* **Work task**
What lines in the data below mention the string "forall"? Copy them out.

..........

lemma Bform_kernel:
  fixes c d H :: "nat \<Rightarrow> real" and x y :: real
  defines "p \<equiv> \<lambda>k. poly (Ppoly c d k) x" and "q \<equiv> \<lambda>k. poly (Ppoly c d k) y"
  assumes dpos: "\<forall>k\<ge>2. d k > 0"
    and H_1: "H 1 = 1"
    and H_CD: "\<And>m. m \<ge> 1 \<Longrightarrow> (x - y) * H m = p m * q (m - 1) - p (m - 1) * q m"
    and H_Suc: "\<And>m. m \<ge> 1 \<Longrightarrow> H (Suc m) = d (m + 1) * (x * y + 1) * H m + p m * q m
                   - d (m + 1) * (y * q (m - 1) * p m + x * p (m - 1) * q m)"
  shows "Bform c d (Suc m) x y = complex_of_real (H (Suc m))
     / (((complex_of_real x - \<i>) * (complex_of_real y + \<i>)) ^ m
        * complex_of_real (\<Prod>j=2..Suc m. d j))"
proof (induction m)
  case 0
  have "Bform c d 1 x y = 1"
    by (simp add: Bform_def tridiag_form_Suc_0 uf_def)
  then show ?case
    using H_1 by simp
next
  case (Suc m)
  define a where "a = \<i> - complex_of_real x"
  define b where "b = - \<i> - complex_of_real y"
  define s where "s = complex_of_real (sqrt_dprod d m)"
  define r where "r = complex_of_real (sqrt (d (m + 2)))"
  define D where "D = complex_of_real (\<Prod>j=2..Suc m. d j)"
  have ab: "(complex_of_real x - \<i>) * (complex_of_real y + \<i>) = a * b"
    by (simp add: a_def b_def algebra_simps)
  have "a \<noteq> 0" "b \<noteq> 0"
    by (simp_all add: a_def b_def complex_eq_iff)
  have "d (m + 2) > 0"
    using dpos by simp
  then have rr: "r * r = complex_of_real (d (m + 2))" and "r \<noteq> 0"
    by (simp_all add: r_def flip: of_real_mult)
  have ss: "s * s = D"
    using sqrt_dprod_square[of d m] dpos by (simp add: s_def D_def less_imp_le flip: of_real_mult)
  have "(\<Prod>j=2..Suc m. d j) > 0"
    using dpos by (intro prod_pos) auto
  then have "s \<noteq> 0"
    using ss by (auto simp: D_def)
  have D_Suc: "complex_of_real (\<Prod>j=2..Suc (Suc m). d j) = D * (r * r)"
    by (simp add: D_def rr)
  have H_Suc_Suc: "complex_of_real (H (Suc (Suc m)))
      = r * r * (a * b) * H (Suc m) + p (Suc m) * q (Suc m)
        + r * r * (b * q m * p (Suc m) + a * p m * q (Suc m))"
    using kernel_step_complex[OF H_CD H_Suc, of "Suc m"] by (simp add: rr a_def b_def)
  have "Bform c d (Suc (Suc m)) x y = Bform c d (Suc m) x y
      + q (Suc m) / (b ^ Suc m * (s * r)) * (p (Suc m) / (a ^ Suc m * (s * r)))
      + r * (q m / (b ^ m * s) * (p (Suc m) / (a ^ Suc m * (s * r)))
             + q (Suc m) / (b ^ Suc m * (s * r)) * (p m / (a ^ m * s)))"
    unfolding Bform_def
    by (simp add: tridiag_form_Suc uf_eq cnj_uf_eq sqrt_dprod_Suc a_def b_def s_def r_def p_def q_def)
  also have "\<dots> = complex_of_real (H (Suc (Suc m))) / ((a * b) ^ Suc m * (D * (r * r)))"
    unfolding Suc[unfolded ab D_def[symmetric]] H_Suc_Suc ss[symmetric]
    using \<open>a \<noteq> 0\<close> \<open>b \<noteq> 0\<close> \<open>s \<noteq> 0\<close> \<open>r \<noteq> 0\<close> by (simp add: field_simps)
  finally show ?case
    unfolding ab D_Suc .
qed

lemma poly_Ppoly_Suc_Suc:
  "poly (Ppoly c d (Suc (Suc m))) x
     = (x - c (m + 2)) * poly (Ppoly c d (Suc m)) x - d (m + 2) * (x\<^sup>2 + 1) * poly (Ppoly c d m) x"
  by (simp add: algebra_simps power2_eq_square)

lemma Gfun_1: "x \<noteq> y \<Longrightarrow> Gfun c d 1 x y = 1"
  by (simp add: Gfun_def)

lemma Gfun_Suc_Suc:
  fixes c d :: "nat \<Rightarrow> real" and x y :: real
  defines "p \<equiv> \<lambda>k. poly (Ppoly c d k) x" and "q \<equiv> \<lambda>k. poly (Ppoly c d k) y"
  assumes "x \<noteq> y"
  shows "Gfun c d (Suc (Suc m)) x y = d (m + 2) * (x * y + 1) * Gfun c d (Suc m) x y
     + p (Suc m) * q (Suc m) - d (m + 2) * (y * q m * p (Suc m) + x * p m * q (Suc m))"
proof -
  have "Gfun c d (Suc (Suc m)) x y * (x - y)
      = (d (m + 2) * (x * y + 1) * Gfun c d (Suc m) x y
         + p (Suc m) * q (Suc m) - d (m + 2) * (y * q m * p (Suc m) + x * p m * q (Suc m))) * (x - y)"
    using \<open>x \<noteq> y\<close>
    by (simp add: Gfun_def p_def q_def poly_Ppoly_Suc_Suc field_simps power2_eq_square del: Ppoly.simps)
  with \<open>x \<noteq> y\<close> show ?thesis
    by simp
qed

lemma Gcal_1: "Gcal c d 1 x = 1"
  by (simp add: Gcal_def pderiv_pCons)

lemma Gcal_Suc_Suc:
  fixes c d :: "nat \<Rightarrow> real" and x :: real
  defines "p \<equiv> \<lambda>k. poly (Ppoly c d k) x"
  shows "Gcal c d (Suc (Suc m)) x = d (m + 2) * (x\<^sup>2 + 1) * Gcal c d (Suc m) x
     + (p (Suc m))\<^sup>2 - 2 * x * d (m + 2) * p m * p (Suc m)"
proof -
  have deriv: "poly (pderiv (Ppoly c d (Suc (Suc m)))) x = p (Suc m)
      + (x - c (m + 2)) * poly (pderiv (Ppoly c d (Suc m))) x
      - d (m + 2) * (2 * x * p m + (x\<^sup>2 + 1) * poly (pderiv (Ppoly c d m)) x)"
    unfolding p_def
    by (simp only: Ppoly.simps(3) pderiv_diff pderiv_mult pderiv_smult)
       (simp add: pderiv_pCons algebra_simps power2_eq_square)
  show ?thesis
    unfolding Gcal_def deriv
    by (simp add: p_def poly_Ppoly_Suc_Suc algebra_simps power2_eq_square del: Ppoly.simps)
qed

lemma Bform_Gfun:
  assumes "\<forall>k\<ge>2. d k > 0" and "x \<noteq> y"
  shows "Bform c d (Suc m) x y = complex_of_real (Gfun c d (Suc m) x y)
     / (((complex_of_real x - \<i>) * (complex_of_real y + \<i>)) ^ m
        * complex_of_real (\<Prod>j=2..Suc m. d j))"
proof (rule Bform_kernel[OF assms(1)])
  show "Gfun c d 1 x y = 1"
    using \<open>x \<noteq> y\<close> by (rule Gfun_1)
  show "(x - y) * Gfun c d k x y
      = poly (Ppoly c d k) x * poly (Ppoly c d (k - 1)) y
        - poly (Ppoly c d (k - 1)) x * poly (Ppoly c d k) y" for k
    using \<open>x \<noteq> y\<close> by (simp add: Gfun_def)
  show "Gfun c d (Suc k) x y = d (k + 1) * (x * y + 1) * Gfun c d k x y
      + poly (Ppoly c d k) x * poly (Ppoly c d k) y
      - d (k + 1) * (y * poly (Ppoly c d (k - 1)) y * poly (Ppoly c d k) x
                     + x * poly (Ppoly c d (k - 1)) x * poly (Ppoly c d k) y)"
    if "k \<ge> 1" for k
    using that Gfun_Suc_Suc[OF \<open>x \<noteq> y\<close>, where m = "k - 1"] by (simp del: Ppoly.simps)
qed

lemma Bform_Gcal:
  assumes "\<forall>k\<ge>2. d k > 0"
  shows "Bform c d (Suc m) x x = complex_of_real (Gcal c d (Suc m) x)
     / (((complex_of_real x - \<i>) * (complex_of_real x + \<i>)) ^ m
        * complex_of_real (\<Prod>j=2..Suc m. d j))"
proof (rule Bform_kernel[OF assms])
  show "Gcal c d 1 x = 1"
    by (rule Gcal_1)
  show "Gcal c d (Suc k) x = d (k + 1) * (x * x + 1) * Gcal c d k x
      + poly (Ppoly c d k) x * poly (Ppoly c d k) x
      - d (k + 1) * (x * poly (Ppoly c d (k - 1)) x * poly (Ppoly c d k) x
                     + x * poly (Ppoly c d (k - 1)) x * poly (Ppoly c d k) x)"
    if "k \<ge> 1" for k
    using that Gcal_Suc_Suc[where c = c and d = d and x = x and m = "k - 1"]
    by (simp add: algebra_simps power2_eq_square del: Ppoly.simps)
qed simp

..........

* **Written reply**
  assumes dpos: "\<forall>k\<ge>2. d k > 0"
  assumes "\<forall>k\<ge>2. d k > 0" and "x \<noteq> y"
  assumes "\<forall>k\<ge>2. d k > 0"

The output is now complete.